In the first part of this 2-part-series we talked about recent additions to version 3.5 of the Deep Learning Toolkit for Splunk (DLTK). Here in part 2 we want to explain a few new algorithmic approaches available for time series analysis. These can be especially interesting for anomaly detection and time series prediction.
When you analyze time series, there are many possible ways to generate meaningful insights depending on your goal. In some cases your goal may not be 100% clear yet, so it might make sense for you to examine more broadly a given time series. Calculating matrix profiles can yield interesting insights for a variety of data mining tasks including discovery of patterns and motifs or anomalies in terms of novelties or discords in a time series. This is where the STUMPY python library comes in handy since it comes with a wealth of options. Let’s have a look at an example:
In the screenshot above you can see a time series of logons over the course of a few weeks of data. You can clearly see a cyclical pattern that repeats over weekdays and weekends. Now we use STUMPY to calculate the matrix profile which is shown as a green line below the logons chart. High values in the matrix profile can be interpreted as novelties in the time series. This means that within a given window the pattern of the time series is rarely seen across all of the specified time series data. For example, if we filter on an upper 90 percentile we can easily retrieve an anomaly signal which you can see as spikes in the orange line at the bottom of the chart. This can tell us where our time series is more different than usual. With this information we can further correlate other data sources or use this signal in an anomaly detector or even combine it with other existing anomaly detection approaches such as the DensityFunction in MLTK. The key takeaway here is that you learned something new and possibly automatically spotted interesting patterns in your time series.
Sometimes everything runs smoothly and sometimes changes happen. As a human analyst you often investigate your data and build charts to better understand where such changes occur and then likely derive rules that you use for alerting. Let’s imagine you work in network operations and collect data that measures round trip times for different connections of your services. With all being normal those measurements are typically stable around a certain value. But what if sudden changes occur and you want to get actively notified? This is where change point detection can be a useful approach to let a model learn dynamically from your data where such changes occur.
The example above shows logs of a simple ping to the DNS service 1.1.1.1 with the given round trip time measurements. As you can see from the data and the chart, the time values are typically around 14ms. Sometimes changes occur and the round trip time spikes up exceeding 200ms. In this use case we switched to different VPN connections which caused a different routing of our ping requests and therefore resulted in different packet round trip times. This certainly doesn’t matter for our simple sample use case, but for many business critical applications it is worth being notified or deriving some KPIs that can be used for further alerting or reporting. Splunk’s IT Service Intelligence (ITSI) combines such measurements to describe the overall health score of IT or business related services.

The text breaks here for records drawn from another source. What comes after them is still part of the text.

lemma sum_excess_le: "(\<Sum>k<T. R (x (Suc k)) - R w) \<le> \<beta> * (norm (x 0 - w))\<^sup>2"
proof -
  have "(\<Sum>k<T. R (x (Suc k)) - R w) \<le> (\<Sum>k<T. \<beta> * ((norm (x k - w))\<^sup>2 - (norm (x (Suc k) - w))\<^sup>2))"
    by (intro sum_mono excess_le_dist_decrease)
  also have "\<dots> = \<beta> * ((norm (x 0 - w))\<^sup>2 - (norm (x T - w))\<^sup>2)"
    using sum_lessThan_telescope'[of "\<lambda>k. (norm (x k - w))\<^sup>2" T] by (simp add: sum_distrib_left[symmetric])
  also have "\<dots> \<le> \<beta> * (norm (x 0 - w))\<^sup>2"
    using beta by simp
  finally show ?thesis .
qed

lemma last_iterate_excess_le: "real T * (R (x T) - R w) \<le> \<beta> * (norm (x 0 - w))\<^sup>2"
proof -
  have "real T * (R (x T) - R w) = (\<Sum>k<T. R (x T) - R w)" by simp
  also have "\<dots> \<le> (\<Sum>k<T. R (x (Suc k)) - R w)"
    by (intro sum_mono) (simp add: objective_decreasing)
  also have "\<dots> \<le> \<beta> * (norm (x 0 - w))\<^sup>2" by (rule sum_excess_le)
  finally show ?thesis .
qed

lemma initial_excess_le: "R (x 0) - R w \<le> \<beta> / 2 * (norm (x 0 - w))\<^sup>2"
proof -
  have "(norm (G w))\<^sup>2 \<le> 2 * \<beta> * (R w - R w)"
    by (rule smooth_grad_norm_sq_le[OF smooth beta minimal])
  then have "G w = 0" by simp
  then show ?thesis
    using smooth_gradD[OF smooth, of "x 0" w] by simp
qed

lemma sum_iterates_le: "(\<Sum>k<T. R (x k)) \<le> real T * R w + 3 / 2 * \<beta> * (norm (x 0 - w))\<^sup>2"
proof (cases T)
  case 0
  then show ?thesis using beta by simp
next
  case (Suc m)
  have "(\<Sum>k<T. R (x k) - R w) = (R (x 0) - R w) + (\<Sum>k<m. R (x (Suc k)) - R w)"
    unfolding Suc by (rule sum.lessThan_Suc_shift)
  also have "\<dots> \<le> \<beta> / 2 * (norm (x 0 - w))\<^sup>2 + \<beta> * (norm (x 0 - w))\<^sup>2"
    by (intro add_mono initial_excess_le sum_excess_le)
  finally show ?thesis by (simp add: sum_subtractf)
qed

end

section \<open>Stability of gradient descent under replacing one sample\<close>

lemma sum_mult_le_of_sq_bounds:
  fixes a b F F' :: "nat \<Rightarrow> real"
  assumes a: "\<And>k. (a k)\<^sup>2 \<le> 2 * \<beta> * F k" and b: "\<And>k. (b k)\<^sup>2 \<le> 2 * \<beta> * F' k"
  shows "a T * (\<Sum>k<T. a k + b k) \<le> \<beta> * (2 * real T * F T + (\<Sum>k<T. F k + F' k))"
proof -
  have "a T * (a k + b k) \<le> 2 * \<beta> * F T + \<beta> * (F k + F' k)" for k
  proof -
    have "a T * (a k + b k) \<le> (a T)\<^sup>2 + (a k + b k)\<^sup>2 / 4"
      using sum_squares_ge_zero[of "a T - (a k + b k) / 2" 0] by (simp add: power2_eq_square algebra_simps)
    also have "\<dots> \<le> (a T)\<^sup>2 + ((a k)\<^sup>2 + (b k)\<^sup>2) / 2"
      using sum_squares_ge_zero[of "a k - b k" 0] by (simp add: power2_eq_square algebra_simps)
    also have "\<dots> \<le> 2 * \<beta> * F T + (2 * \<beta> * F k + 2 * \<beta> * F' k) / 2"
      using a[of T] a[of k] b[of k] by (intro add_mono divide_right_mono) auto
    also have "\<dots> = 2 * \<beta> * F T + \<beta> * (F k + F' k)"
      by (simp add: algebra_simps)
    finally show ?thesis .
  qed
  then have "a T * (\<Sum>k<T. a k + b k) \<le> (\<Sum>k<T. 2 * \<beta> * F T + \<beta> * (F k + F' k))"
    unfolding sum_distrib_left by (rule sum_mono)
  then show ?thesis by (simp add: sum.distrib sum_distrib_left algebra_simps)
qed

lemma sum_sq_le_of_sq_bounds:
  fixes a b F F' :: "nat \<Rightarrow> real"
  assumes a: "\<And>k. (a k)\<^sup>2 \<le> 2 * \<beta> * F k" and b: "\<And>k. (b k)\<^sup>2 \<le> 2 * \<beta> * F' k"
  shows "(\<Sum>k<T. a k + b k)\<^sup>2 \<le> 4 * \<beta> * real T * (\<Sum>k<T. F k + F' k)"
proof -
  have "(\<Sum>k<T. a k + b k)\<^sup>2 \<le> (\<Sum>k<T. (a k + b k)\<^sup>2) * real T"
    using sum_squared_le_sum_of_squares[of "\<lambda>k. a k + b k" "{..<T}"] by simp
  also have "\<dots> \<le> (\<Sum>k<T. 4 * \<beta> * (F k + F' k)) * real T"
  proof (intro mult_right_mono sum_mono)
    fix k
    have "(a k + b k)\<^sup>2 \<le> 2 * ((a k)\<^sup>2 + (b k)\<^sup>2)"
      using sum_squares_ge_zero[of "a k - b k" 0] by (simp add: power2_eq_square algebra_simps)
    then show "(a k + b k)\<^sup>2 \<le> 4 * \<beta> * (F k + F' k)"
      using a[of k] b[of k] by (simp add: algebra_simps)
  qed simp
  also have "\<dots> = 4 * \<beta> * real T * (\<Sum>k<T. F k + F' k)"
    by (simp only: sum_distrib_left[symmetric]) (simp add: algebra_simps)
  finally show ?thesis .
qed

lemma self_bounded_drift_le:
  fixes a b F F' :: "nat \<Rightarrow> real"
  assumes beta: "\<beta> > 0" and n: "n > 0"
    and a: "\<And>k. (a k)\<^sup>2 \<le> 2 * \<beta> * F k" and b: "\<And>k. (b k)\<^sup>2 \<le> 2 * \<beta> * F' k"
    and "0 \<le> a T" and "0 \<le> \<delta>" and \<delta>: "\<delta> \<le> (\<Sum>k<T. a k + b k) / (2 * \<beta> * real n)"
  shows "a T * \<delta> + \<beta> / 2 * \<delta>\<^sup>2
    \<le> real T / real n * F T + (1 / (2 * real n) + real T / (2 * (real n)\<^sup>2)) * (\<Sum>k<T. F k + F' k)"
proof -
  define \<Sigma> where "\<Sigma> = (\<Sum>k<T. F k + F' k)"
  have "a T * \<delta> \<le> a T * (\<Sum>k<T. a k + b k) / (2 * \<beta> * real n)"
    using mult_left_mono[OF \<delta> \<open>0 \<le> a T\<close>] by simp
  also have "\<dots> \<le> \<beta> * (2 * real T * F T + \<Sigma>) / (2 * \<beta> * real n)"
    unfolding \<Sigma>_def using beta n
    by (intro divide_right_mono sum_mult_le_of_sq_bounds a b) auto
  finally have linear: "a T * \<delta> \<le> \<beta> * (2 * real T * F T + \<Sigma>) / (2 * \<beta> * real n)" .
  have "\<delta>\<^sup>2 \<le> ((\<Sum>k<T. a k + b k) / (2 * \<beta> * real n))\<^sup>2"
    using \<delta> \<open>0 \<le> \<delta>\<close> by (intro power_mono) auto
  also have "\<dots> \<le> 4 * \<beta> * real T * \<Sigma> / (2 * \<beta> * real n)\<^sup>2"
    unfolding power_divide \<Sigma>_def
    by (intro divide_right_mono sum_sq_le_of_sq_bounds a b) auto
  finally have "\<beta> / 2 * \<delta>\<^sup>2 \<le> \<beta> / 2 * (4 * \<beta> * real T * \<Sigma> / (2 * \<beta> * real n)\<^sup>2)"
    using beta by (intro mult_left_mono) auto
  with linear have "a T * \<delta> + \<beta> / 2 * \<delta>\<^sup>2
      \<le> \<beta> * (2 * real T * F T + \<Sigma>) / (2 * \<beta> * real n)
        + \<beta> / 2 * (4 * \<beta> * real T * \<Sigma> / (2 * \<beta> * real n)\<^sup>2)"
    by linarith
  also have "\<dots> = real T / real n * F T + (1 / (2 * real n) + real T / (2 * (real n)\<^sup>2)) * \<Sigma>"
    using beta n by (simp add: field_simps power2_eq_square)
  finally show ?thesis unfolding \<Sigma>_def .
qed

locale smooth_convex_loss =
  fixes f :: "'a::real_inner \<Rightarrow> 'z \<Rightarrow> real" and g :: "'a \<Rightarrow> 'z \<Rightarrow> 'a"
    and \<beta> :: real and Z :: "'z set" and n :: nat and W1 :: 'a
  assumes n: "n > 0" and beta: "\<beta> > 0"
    and nonneg: "\<And>w z. z \<in> Z \<Longrightarrow> f w z \<ge> 0"
    and grad: "\<And>w z. z \<in> Z \<Longrightarrow> ((\<lambda>v. f v z) has_derivative (\<lambda>h. g w z \<bullet> h)) (at w)"
    and convex: "\<And>z. z \<in> Z \<Longrightarrow> convex_on UNIV (\<lambda>w. f w z)"
    and smooth: "\<And>w u z. z \<in> Z \<Longrightarrow> norm (g w z - g u z) \<le> \<beta> * norm (w - u)"
begin

abbreviation gd_iter :: "(nat \<Rightarrow> 'z) \<Rightarrow> nat \<Rightarrow> 'a" where
  "gd_iter S k \<equiv> gd g (\<lambda>_. 1 / (2 * \<beta>)) n W1 S k"

definition emp_grad :: "(nat \<Rightarrow> 'z) \<Rightarrow> 'a \<Rightarrow> 'a" where
  "emp_grad S w = (\<Sum>j<n. (1 / real n) *\<^sub>R g w (S j))"

lemma loss_convex_grad: "z \<in> Z \<Longrightarrow> convex_grad (\<lambda>w. f w z) (\<lambda>w. g w z)"
  by (intro convex_on_imp_convex_grad grad convex)

lemma loss_smooth_grad: "z \<in> Z \<Longrightarrow> smooth_grad \<beta> (\<lambda>w. f w z) (\<lambda>w. g w z)"
  by (intro lipschitz_gradient_imp_smooth_grad grad smooth)

lemma grad_norm_sq_le_loss: "z \<in> Z \<Longrightarrow> (norm (g w z))\<^sup>2 \<le> 2 * \<beta> * f w z"
  using smooth_grad_norm_sq_le[OF loss_smooth_grad beta, of z 0 w] nonneg by simp

lemma emp_risk_eq_sum: "emp_risk n f S = (\<lambda>w. \<Sum>j<n. (1 / real n) * f w (S j))"
  unfolding emp_risk_def by (simp add: fun_eq_iff sum_divide_distrib)

lemma gd_iter_Suc: "gd_iter S (Suc k) = gd_iter S k - (1 / (2 * \<beta>)) *\<^sub>R emp_grad S (gd_iter S k)"
  by (simp add: emp_grad_def scaleR_sum_right)

lemma gd_smooth_convex_emp_risk:
  assumes S: "\<And>j. j < n \<Longrightarrow> S j \<in> Z" and minimal: "\<And>v. emp_risk n f S w \<le> emp_risk n f S v"
  shows "gd_smooth_convex (emp_risk n f S) (emp_grad S) \<beta> (gd_iter S) w"
proof
  show "convex_grad (emp_risk n f S) (emp_grad S)"
    unfolding emp_risk_eq_sum emp_grad_def
    by (rule convex_grad_sum[where F = "\<lambda>j w. f w (S j)" and G = "\<lambda>j w. g w (S j)"])
      (auto intro: loss_convex_grad S)
  show "smooth_grad \<beta> (emp_risk n f S) (emp_grad S)"
    unfolding emp_risk_eq_sum emp_grad_def
    by (rule smooth_grad_sum[where F = "\<lambda>j w. f w (S j)" and G = "\<lambda>j w. g w (S j)"])
      (use n beta in \<open>auto intro: loss_smooth_grad S\<close>)
qed (use beta gd_iter_Suc minimal in auto)

definition emp_grad_without :: "nat \<Rightarrow> (nat \<Rightarrow> 'z) \<Rightarrow> 'a \<Rightarrow> 'a" where
  "emp_grad_without i S w = (\<Sum>j\<in>{..<n} - {i}. (1 / real n) *\<^sub>R g w (S j))"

The green bars in the dashboard above show the output of a bayesian online change point detection algorithm as described in this paper and luckily is available as a python library which was integrated into the golden image, so it is ready to use in DLTK if you have a similar scenario. There is some good news for you if you want to tackle such a scenario on a massive scale directly on your streaming data: Splunk’s Data Stream Processor also has a built-in function for drift detection available!
As some of you might have seen, we recently have been investigating ways of making the predictive health score functionality easier to use in ITSI. In addition to this we have been thinking about whether there are specific algorithms that could do a better job of predicting future values for the service health score. With that in mind, enter the memory-intensive Long Short-Term Memory (LSTM) network!
Although the example below isn’t ITSI specific it could easily be applied to the service health and KPI data that you can find in ITSI. For this example we are taking some server power consumption data and trying to predict the power consumption based on metrics such as the CPU utilisation, disk accesses and core cycles. Unlike algorithms such as a Random Forest Regressor or Linear Regression our LSTM is able to make a prediction based on a sequence of events. In this use case we have modelled sequences of 5 events to make the prediction. This means that if you have data where trend is a factor it can be modelled much more easily with an LSTM than with a standard regressor, which looks only at a single record to make a prediction.
We hope these new algorithms are useful for you to improve either your existing use cases or build entirely new ones that relate to the provided examples above.